El segundo taladro es un Einhell de 14,4 voltios , en este la pieza en cuestión no va encapsulada en el gatillo, sino que va fuera y adosada a un disipador de calor. Creo (me suena por las soldaduras) que no es la pieza original del taladro y en ella pone PH BT137500m9421.

Gracias de antemano por vuestra colaboración, voy a ver si encuentro algo en youtube que me explique un poco el funcionamiento de estos gatillos. Un saludo.

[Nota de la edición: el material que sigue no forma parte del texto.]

lemma iso_exchange_graph_cart_prod:
  assumes P: "partition_on (verts G) P" and "symp r"
    and E: "\<And>Y. Y \<in> P \<Longrightarrow> bij_betw (E Y) Y (verts (H Y))"
    and adj_H: "\<And>Y u v. Y \<in> P \<Longrightarrow> u \<in> Y \<Longrightarrow> v \<in> Y \<Longrightarrow>
      adj (H Y) (E Y u) (E Y v) \<longleftrightarrow> r u v \<and> u \<noteq> v"
  shows "iso (exchange_graph {B. transversal G P B} r) (cart_prod P H)"
proof -
  define \<phi> where "\<phi> B = restrict (\<lambda>Y. E Y (block_rep Y B)) P" for B
  have bij: "bij_betw \<phi> {B. transversal G P B} (PiE P (\<lambda>Y. verts (H Y)))"
    unfolding \<phi>_def by (rule bij_betw_transversals_PiE[OF P E])
  have "adj (exchange_graph {B. transversal G P B} r) B1 B2 \<longleftrightarrow> adj (cart_prod P H) (\<phi> B1) (\<phi> B2)"
    if B1: "transversal G P B1" and B2: "transversal G P B2" for B1 B2
  proof -
    have rep: "block_rep Y B1 \<in> Y" "block_rep Y B2 \<in> Y" if "Y \<in> P" for Y
      using block_rep_in_block[OF B1 that] block_rep_in_block[OF B2 that] .
    have \<phi>_eq: "\<phi> B1 Y = \<phi> B2 Y \<longleftrightarrow> block_rep Y B1 = block_rep Y B2" if Y: "Y \<in> P" for Y
      using bij_betw_imp_inj_on[OF E[OF Y]] rep[OF Y] Y unfolding \<phi>_def by (auto dest: inj_onD)
    have "adj (exchange_graph {B. transversal G P B} r) B1 B2 \<longleftrightarrow> exchange r B1 B2"
      using adj_exchange_graph[OF \<open>symp r\<close>] B1 B2 by simp
    also have "\<dots> \<longleftrightarrow> (\<exists>Y\<in>P. r (block_rep Y B1) (block_rep Y B2) \<and> block_rep Y B1 \<noteq> block_rep Y B2 \<and>
       (\<forall>Y'\<in>P - {Y}. block_rep Y' B1 = block_rep Y' B2))"
      by (rule exchange_transversals_iff[OF P B1 B2])
    also have "\<dots> \<longleftrightarrow> (\<exists>Y\<in>P. adj (H Y) (\<phi> B1 Y) (\<phi> B2 Y) \<and> (\<forall>Y'\<in>P - {Y}. \<phi> B1 Y' = \<phi> B2 Y'))"
      using adj_H rep \<phi>_eq unfolding \<phi>_def by (intro bex_cong) auto
    also have "\<dots> \<longleftrightarrow> adj (cart_prod P H) (\<phi> B1) (\<phi> B2)"
      using adj_cart_prod[of "\<phi> B1" P H "\<phi> B2"] bij_betwE[OF bij] B1 B2 by simp
    finally show ?thesis .
  qed
  then show ?thesis
    using bij unfolding iso_def verts_exchange_graph verts_cart_prod by blast
qed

He hecho algunas fotos por si sirven de ayuda


----------



## josemaX (Oct 5, 2014)

El primero es un mosfet http://horu2010.en.seekic.com/product/discrete_semiconductor_products/MO305512_mosfet_MO305512.html

El segundo claramente es un BT137-500


----------



## Fogonazo (Oct 5, 2014)

El BT137-500 es un *TRIAC* de compuerta sensible muy difícilmente trabaje con baterías.


----------



## Carlosvelero (Oct 5, 2014)

Hola, como ya comenté antes el taladro einhell ya había tenido una reparación. Recuerdo que hace ya unos cuantos años se lo llevé a un " arreglatodo", vamos un técnico de televisores que me hizo un apaño (se puede ver en la fotografía ) a lo mejor no es la mejor solución pero funcionaba. Quizá debería ir otro tipo de triac, por eso hago la pregunta en el foro para saber por cual sustituirlo...


----------



## ferusso (Oct 6, 2014)

Hola
Yo no soy experto en nada. Pero tuve que buscar repuestos para mis taladros bosch. Bosch herramientas tiene en una parte de su pagina manuales de despiece de sus máquinas.
Espero te sirva el tip http://www.powertools-aftersalesservice.com/
Saludos


----------



## Carlosvelero (Oct 14, 2014)

El bosch ya lo he reparado con otro gatillo, ahora necesito ayuda para el otro taladro (Einhell). He desmontado otro taladro de batería y he "cogido prestado el transistor para probar", me funciona perfectamente es un P60NF . El problema ahora es que no he conseguido encontrarlo en todo Valladolid. He ido a tres tiendas de electrónica y nada. Mi pregunta es si alguien sabe si puedo encontrarlo por internet. Gracias


----------



## zopilote (Oct 14, 2014)

El transistor es un mosfet  que se puede reeplazar facilmente, cualquier mosfet dedicado como un  IRFZ44, IRF3205,  70N06 ...etc


----------



## Carlosvelero (Oct 15, 2014)

Gracias, lo he encontrado a través de aliexpress y lo he pedido por internet. Estoy un poco harto de recorrer tiendas y que me digan que no tienen lo que pido.


----------